My journey

In April 2004 I found myself in an Army hospital with the diagnosis of bacterial meningitis. My husband had to be called back from Fort Hood as he was in the process of being deployed to Afghanistan. My family was told I would not make it thru the night. Well I by the Grace of God I am still here. I had to learn how to walk all over again I was told that the meningitis had exacerbated my diabetic neuropathy. So now I had to deal with the nerve pain which before was minor if any. I was placed on several pain medications and I promptly did away with most of them except for one. It would take me several years before I could manage to get off that one.

I started experiencing pain and weakness in my hands, pain in my back, and could not walk without experiencing generalized pain. Saw neurologists (yes more than one), various specialist but I felt like no one really believed me. I started falling which caused torn ligaments in my legs, torn meniscus, and finally I managed to fracture my ankle and required surgery to fix it. In between all this I also had back surgery.

I decided no more doctors and I would push through all this pain and do what I needed to do. I worked from home as a case manager so I decided I would just be thankful I didn’t have to walk anywhere. I was walking with a walker and felt I would take my time and just get stronger.
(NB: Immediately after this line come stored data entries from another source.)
(* Let $X\in\mathbb{R}^{n\times p}$ have unit $\ell_2$-norm columns, let $\beta\in\mathbb{R}^p$ be $k$-sparse with support $\mathcal{S}$, let $\eta\in\mathbb{R}^n$ have independent $\mathcal{N}(0,\sigma^2)$ entries, and let $y=X\beta+\eta$. Suppose $X$ satisfies the $(k,b)$-screening condition for $\beta$ with parameter $b=b(n,p)\in(0,1/\sqrt{k})$, and assume $$\frac{\beta_{\min}}{\|\beta\|_2} > 2b + \frac{4\sqrt{\sigma^2\log p}}{\|\beta\|_2}.$$ Then, whenever the event $\mathcal{G}_\eta=\{\|X^\top\eta\|_\infty\le 2\sqrt{\sigma^2\log p}\}$ occurs, the output $\hat{\mathcal{S}}$ of Algorithm 1 satisfies $\mathcal{S}\subset\hat{\mathcal{S}}$ for every integer $d\le p$ with $$d \ge \left\lceil \frac{\sqrt{k}}{\frac{\beta_{\min}}{\|\beta\|_2} - 2b - \frac{4\sqrt{\sigma^2\log p}}{\|\beta\|_2}}\right\rceil .$$
   Context: Notation: $[[p]]=\{1,\dots,p\}$; $n,p,k$ are positive integers with $p\ge 2$ and $k<n$. $X\in\mathbb{R}^{n\times p}$ has columns $X_1,\dots,X_p$, each with $\|X_j\|_2=1$. $\beta\in\mathbb{R}^p$ is $k$-sparse: its support $\mathcal{S}=\{i\in[[p]]:\beta_i\neq 0\}$ has exactly $k$ elements; $\mathcal{S}^c=[[p]]\setminus\mathcal{S}$; $\beta_{\min}=\min_{i\in\mathcal{S}}|\beta_i|$. Algorithm 1 (marginal correlation screening): given $X$, $y$ and an integer $d\in\{1,\dots,p\}$, compute $w=X^\top y$ and output a set $\hat{\mathcal{S}}\subset[[p]]$ with $|\hat{\mathcal{S}}|=d$ consisting of indices of the $d$ largest values of $|w_i|$, i.e. $|w_i|\ge |w_j|$ for all $i\in\hat{\mathcal{S}}$, $j\notin\hat{\mathcal{S}}$ (ties broken arbitrarily). $(k,b)$-screening condition: for a fixed $k$-sparse $\beta$ with support $\mathcal{S}$, the matrix $X$ (unit-norm columns) satisfies it if there is $b=b(n,p)$ with $0<b<1/\sqrt{k}$ such that (SC-1) $\max_{i\in\mathcal{S}}\big|\sum_{j\in\mathcal{S},\,j\neq i}X_i^\top X_j\beta_j\big|\le b\,\|\beta\|_2$, and (SC-2) $\max_{i\in\mathcal{S}^c}\big|\sum_{j\in\mathcal{S}}X_i^\top X_j\beta_j\big|\le b\,\|\beta\|_2$. *)

theory Defs
  imports Complex_Main
begin

text \<open>Vectors in R^m are functions nat => real, indexed by {1..m}.
  A matrix X in R^(n x p) is a function nat => nat => real, entry X r j
  (row r in {1..n}, column j in {1..p}); column X_j is (\<lambda>r. X r j).\<close>

definition col_inner :: "nat \<Rightarrow> (nat \<Rightarrow> nat \<Rightarrow> real) \<Rightarrow> nat \<Rightarrow> nat \<Rightarrow> real" where
  "col_inner n X i j = (\<Sum>r\<in>{1..n}. X r i * X r j)"

definition vnorm :: "nat \<Rightarrow> (nat \<Rightarrow> real) \<Rightarrow> real" where
  "vnorm m v = sqrt (\<Sum>i\<in>{1..m}. (v i)\<^sup>2)"

definition support :: "nat \<Rightarrow> (nat \<Rightarrow> real) \<Rightarrow> nat set" where
  "support p \<beta> = {i\<in>{1..p}. \<beta> i \<noteq> 0}"

definition beta_min :: "nat \<Rightarrow> (nat \<Rightarrow> real) \<Rightarrow> real" where
  "beta_min p \<beta> = Min ((\<lambda>i. \<bar>\<beta> i\<bar>) ` support p \<beta>)"

definition XT_mul :: "nat \<Rightarrow> (nat \<Rightarrow> nat \<Rightarrow> real) \<Rightarrow> (nat \<Rightarrow> real) \<Rightarrow> nat \<Rightarrow> real" where
  "XT_mul n X v j = (\<Sum>r\<in>{1..n}. X r j * v r)"

definition X_mul :: "nat \<Rightarrow> (nat \<Rightarrow> nat \<Rightarrow> real) \<Rightarrow> (nat \<Rightarrow> real) \<Rightarrow> nat \<Rightarrow> real" where
  "X_mul p X v r = (\<Sum>j\<in>{1..p}. X r j * v j)"

definition screening_cond ::
  "nat \<Rightarrow> nat \<Rightarrow> nat \<Rightarrow> (nat \<Rightarrow> nat \<Rightarrow> real) \<Rightarrow> (nat \<Rightarrow> real) \<Rightarrow> real \<Rightarrow> bool" where
  "screening_cond n p k X \<beta> b \<longleftrightarrow>
     0 < b \<and> b < 1 / sqrt (real k) \<and>
     (\<forall>i\<in>support p \<beta>.
        \<bar>\<Sum>j\<in>support p \<beta> - {i}. col_inner n X i j * \<beta> j\<bar> \<le> b * vnorm p \<beta>) \<and>
     (\<forall>i\<in>{1..p} - support p \<beta>.
        \<bar>\<Sum>j\<in>support p \<beta>. col_inner n X i j * \<beta> j\<bar> \<le> b * vnorm p \<beta>)"

text \<open>Algorithm 1: S_hat is a possible output of marginal correlation screening
  with input X, y, d (any tie-breaking).\<close>
definition screening_output ::
  "nat \<Rightarrow> nat \<Rightarrow> (nat \<Rightarrow> nat \<Rightarrow> real) \<Rightarrow> (nat \<Rightarrow> real) \<Rightarrow> nat \<Rightarrow> nat set \<Rightarrow> bool" where
  "screening_output n p X y d S_hat \<longleftrightarrow>
     (let w = XT_mul n X y in
       S_hat \<subseteq> {1..p} \<and> card S_hat = d \<and>
       (\<forall>i\<in>S_hat. \<forall>j\<in>{1..p} - S_hat. \<bar>w j\<bar> \<le> \<bar>w i\<bar>))"

end

theory Submission
  imports Defs
begin

text \<open>Writing \<open>w = X\<^sup>T y = X\<^sup>T X \<beta> + X\<^sup>T \<eta>\<close>, the unit-norm columns make
  \<open>w\<^sub>i = \<beta>\<^sub>i + (cross terms) + (noise)\<close> on the support. The screening condition
  bounds the cross terms by \<open>b \<parallel>\<beta>\<parallel>\<close> and the event \<open>\<G>\<^sub>\<eta>\<close> bounds the noise by
  \<open>2\<surd>(\<sigma>\<^sup>2 log p)\<close>, so the gap hypothesis makes every \<open>|w\<^sub>i|\<close>, \<open>i \<in> S\<close>, strictly larger
  than every \<open>|w\<^sub>j|\<close>, \<open>j \<notin> S\<close>. Since \<open>\<surd>k \<beta>\<^sub>m\<^sub>i\<^sub>n \<le> \<parallel>\<beta>\<parallel>\<close>, the lower bound on \<open>d\<close>
  forces \<open>d \<ge> k\<close>, and a set of the \<open>d\<close> largest values must then contain \<open>S\<close>.\<close>

lemma top_values_superset:
  fixes f :: "'a \<Rightarrow> real"
  assumes "finite A" "T \<subseteq> A" "S \<subseteq> A" "card S \<le> card T"
    and top_T: "\<forall>i\<in>T. \<forall>j\<in>A - T. f j \<le> f i"
    and top_S: "\<forall>i\<in>S. \<forall>j\<in>A - S. f j < f i"
  shows "S \<subseteq> T"
proof
  fix i assume "i \<in> S"
  show "i \<in> T"
  proof (rule ccontr)
    assume "i \<notin> T"
    have "T \<subseteq> S - {i}"
    proof
      fix j assume "j \<in> T"
      moreover have "i \<in> A - T" using \<open>i \<in> S\<close> \<open>i \<notin> T\<close> \<open>S \<subseteq> A\<close> by blast
      ultimately have "f i \<le> f j" using top_T by blast
      have "j \<in> S"
      proof (rule ccontr)
        assume "j \<notin> S"
        then have "j \<in> A - S" using \<open>j \<in> T\<close> \<open>T \<subseteq> A\<close> by blast
        then have "f j < f i" using top_S \<open>i \<in> S\<close> by blast
        then show False using \<open>f i \<le> f j\<close> by simp
      qed
      then show "j \<in> S - {i}" using \<open>j \<in> T\<close> \<open>i \<notin> T\<close> by auto
    qed
    moreover have "finite S" using \<open>finite A\<close> \<open>S \<subseteq> A\<close> finite_subset by blast
    ultimately have "card T \<le> card (S - {i})" by (intro card_mono) auto
    also have "\<dots> = card S - 1" using \<open>i \<in> S\<close> \<open>finite S\<close> by simp
    finally have "card T \<le> card S - 1" .
    moreover have "0 < card S" using \<open>i \<in> S\<close> \<open>finite S\<close> card_gt_0_iff by blast
    ultimately show False using \<open>card S \<le> card T\<close> by linarith
  qed
qed

lemma real_le_ceiling_sqrt_div:
  fixes x g :: real
  assumes "0 \<le> x" "0 < g" "g * sqrt x \<le> 1"
  shows "x \<le> of_int \<lceil>sqrt x / g\<rceil>"
proof -
  have "g * x = g * sqrt x * sqrt x" using assms(1) by (simp add: mult.assoc)
  also have "\<dots> \<le> sqrt x" using assms by (simp add: mult_left_le_one_le)
  finally have "x \<le> sqrt x / g" using assms(2) by (simp add: pos_le_divide_eq mult.commute)
  then show ?thesis by linarith
qed

lemma support_subset: "support p \<beta> \<subseteq> {1..p}"
  unfolding support_def by auto

lemma finite_support [simp]: "finite (support p \<beta>)"
  using finite_subset[OF support_subset] by blast

lemma sum_restrict_support:
  "(\<Sum>i\<in>{1..p}. f i * \<beta> i) = (\<Sum>i\<in>support p \<beta>. f i * \<beta> i)"
  by (rule sum.mono_neutral_right) (auto simp: support_def)

lemma beta_min_le: "i \<in> support p \<beta> \<Longrightarrow> beta_min p \<beta> \<le> \<bar>\<beta> i\<bar>"
  unfolding beta_min_def by simp

lemma beta_min_pos: "support p \<beta> \<noteq> {} \<Longrightarrow> 0 < beta_min p \<beta>"
  unfolding beta_min_def by (auto simp: support_def)

lemma sqrt_card_support_mul_beta_min_le_vnorm:
  "sqrt (real (card (support p \<beta>))) * beta_min p \<beta> \<le> vnorm p \<beta>"
proof (cases "support p \<beta> = {}")
  case True
  then show ?thesis by (simp add: vnorm_def sum_nonneg)
next
  case False
  let ?S = "support p \<beta>" and ?m = "beta_min p \<beta>"
  have "real (card ?S) * ?m\<^sup>2 = (\<Sum>i\<in>?S. ?m\<^sup>2)" by simp
  also have "\<dots> \<le> (\<Sum>i\<in>?S. (\<beta> i)\<^sup>2)"
  proof (rule sum_mono)
    fix i assume "i \<in> ?S"
    have "?m\<^sup>2 \<le> \<bar>\<beta> i\<bar>\<^sup>2"
      using beta_min_le[OF \<open>i \<in> ?S\<close>] beta_min_pos[OF False] by (intro power_mono) auto
    then show "?m\<^sup>2 \<le> (\<beta> i)\<^sup>2" by simp
  qed
  also have "\<dots> = (\<Sum>i\<in>{1..p}. (\<beta> i)\<^sup>2)"
    using sum_restrict_support[where f="\<lambda>i. \<beta> i"] by (simp add: power2_eq_square)
  finally have "sqrt (real (card ?S) * ?m\<^sup>2) \<le> vnorm p \<beta>"
    unfolding vnorm_def by (rule real_sqrt_le_mono)
  then show ?thesis using beta_min_pos[OF False] by (simp add: real_sqrt_mult)
qed

lemma vnorm_pos:
  assumes "support p \<beta> \<noteq> {}"
  shows "0 < vnorm p \<beta>"
proof -
  have "0 < sqrt (real (card (support p \<beta>))) * beta_min p \<beta>"
    using assms beta_min_pos[OF assms] by (simp add: card_gt_0_iff)
  then show ?thesis using sqrt_card_support_mul_beta_min_le_vnorm[of p \<beta>] by linarith
qed

lemma card_support_le_ceiling:
  assumes "support p \<beta> \<noteq> {}" "0 < g" "g \<le> beta_min p \<beta> / vnorm p \<beta>"
  shows "real (card (support p \<beta>)) \<le> of_int \<lceil>sqrt (real (card (support p \<beta>))) / g\<rceil>"
proof (rule real_le_ceiling_sqrt_div)
  let ?r = "sqrt (real (card (support p \<beta>)))"
  have "g * ?r \<le> beta_min p \<beta> / vnorm p \<beta> * ?r"
    using assms(3) by (rule mult_right_mono) simp
  also have "\<dots> \<le> 1"
    using sqrt_card_support_mul_beta_min_le_vnorm[of p \<beta>] vnorm_pos[OF assms(1)]
    by (simp add: mult.commute)
  finally show "g * ?r \<le> 1" .
qed (use assms in auto)

lemma col_inner_self_eq_1:
  assumes "vnorm n (\<lambda>r. X r j) = 1"
  shows "col_inner n X j j = 1"
  using assms unfolding vnorm_def col_inner_def by (simp add: power2_eq_square)

lemma XT_mul_response:
  assumes "\<forall>r\<in>{1..n}. y r = X_mul p X \<beta> r + \<eta> r"
  shows "XT_mul n X y j = (\<Sum>i\<in>support p \<beta>. col_inner n X j i * \<beta> i) + XT_mul n X \<eta> j"
proof -
  have "XT_mul n X y j = (\<Sum>r\<in>{1..n}. X r j * X_mul p X \<beta> r) + XT_mul n X \<eta> j"
    unfolding XT_mul_def using assms by (simp add: distrib_left sum.distrib)
  also have "(\<Sum>r\<in>{1..n}. X r j * X_mul p X \<beta> r) = (\<Sum>i\<in>{1..p}. col_inner n X j i * \<beta> i)"
    unfolding X_mul_def col_inner_def
    by (simp add: sum_distrib_left sum_distrib_right mult.assoc) (rule sum.swap)
  also have "\<dots> = (\<Sum>i\<in>support p \<beta>. col_inner n X j i * \<beta> i)"
    by (rule sum_restrict_support)
  finally show ?thesis .
qed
After thirteen years my job ended and I started looking for another job. My mother became very ill during this time and after many months she passed away. I was using a wheelchair because I could not walk for any length of time but I stayed at my mother’s bedside regardless of the fatigue or pain. So now I was left with my father who has severe dementia but with the help of my husband I am able to bring him home almost daily. It is because of him that I decided it is time to find out what the heck is wrong with me.

I had just changed pimary care providers and requested to see a neurologist. I personally thought I had MS. After much testing the neurologist told me I had CIDP. She told me I needed a lumbar puncture but that every other test pointed to this disease. My first response was to comment to my husband “leave it to me to get a very rare disease.”

I am still wondering how I can keep active in my father’s life. I had modified my car only to find out later that my hand was too weak to handle the controls. I haven’t started treatment because they didn’t run the protein on my lumbar puncture. I just repeated the lumbar puncture and Monday the neurologist will let me know what comes next. The neurologist is knowledgeable in this disease however he says I also have a syrinx of the spine, severe diabetic neuropathy and of course CIDP. It will make for an interesting case.

I am always in pain and fatigue easily. I am allergic/sensitive to most pain medications so I take Advil or Tylenol which does nothing for this pain.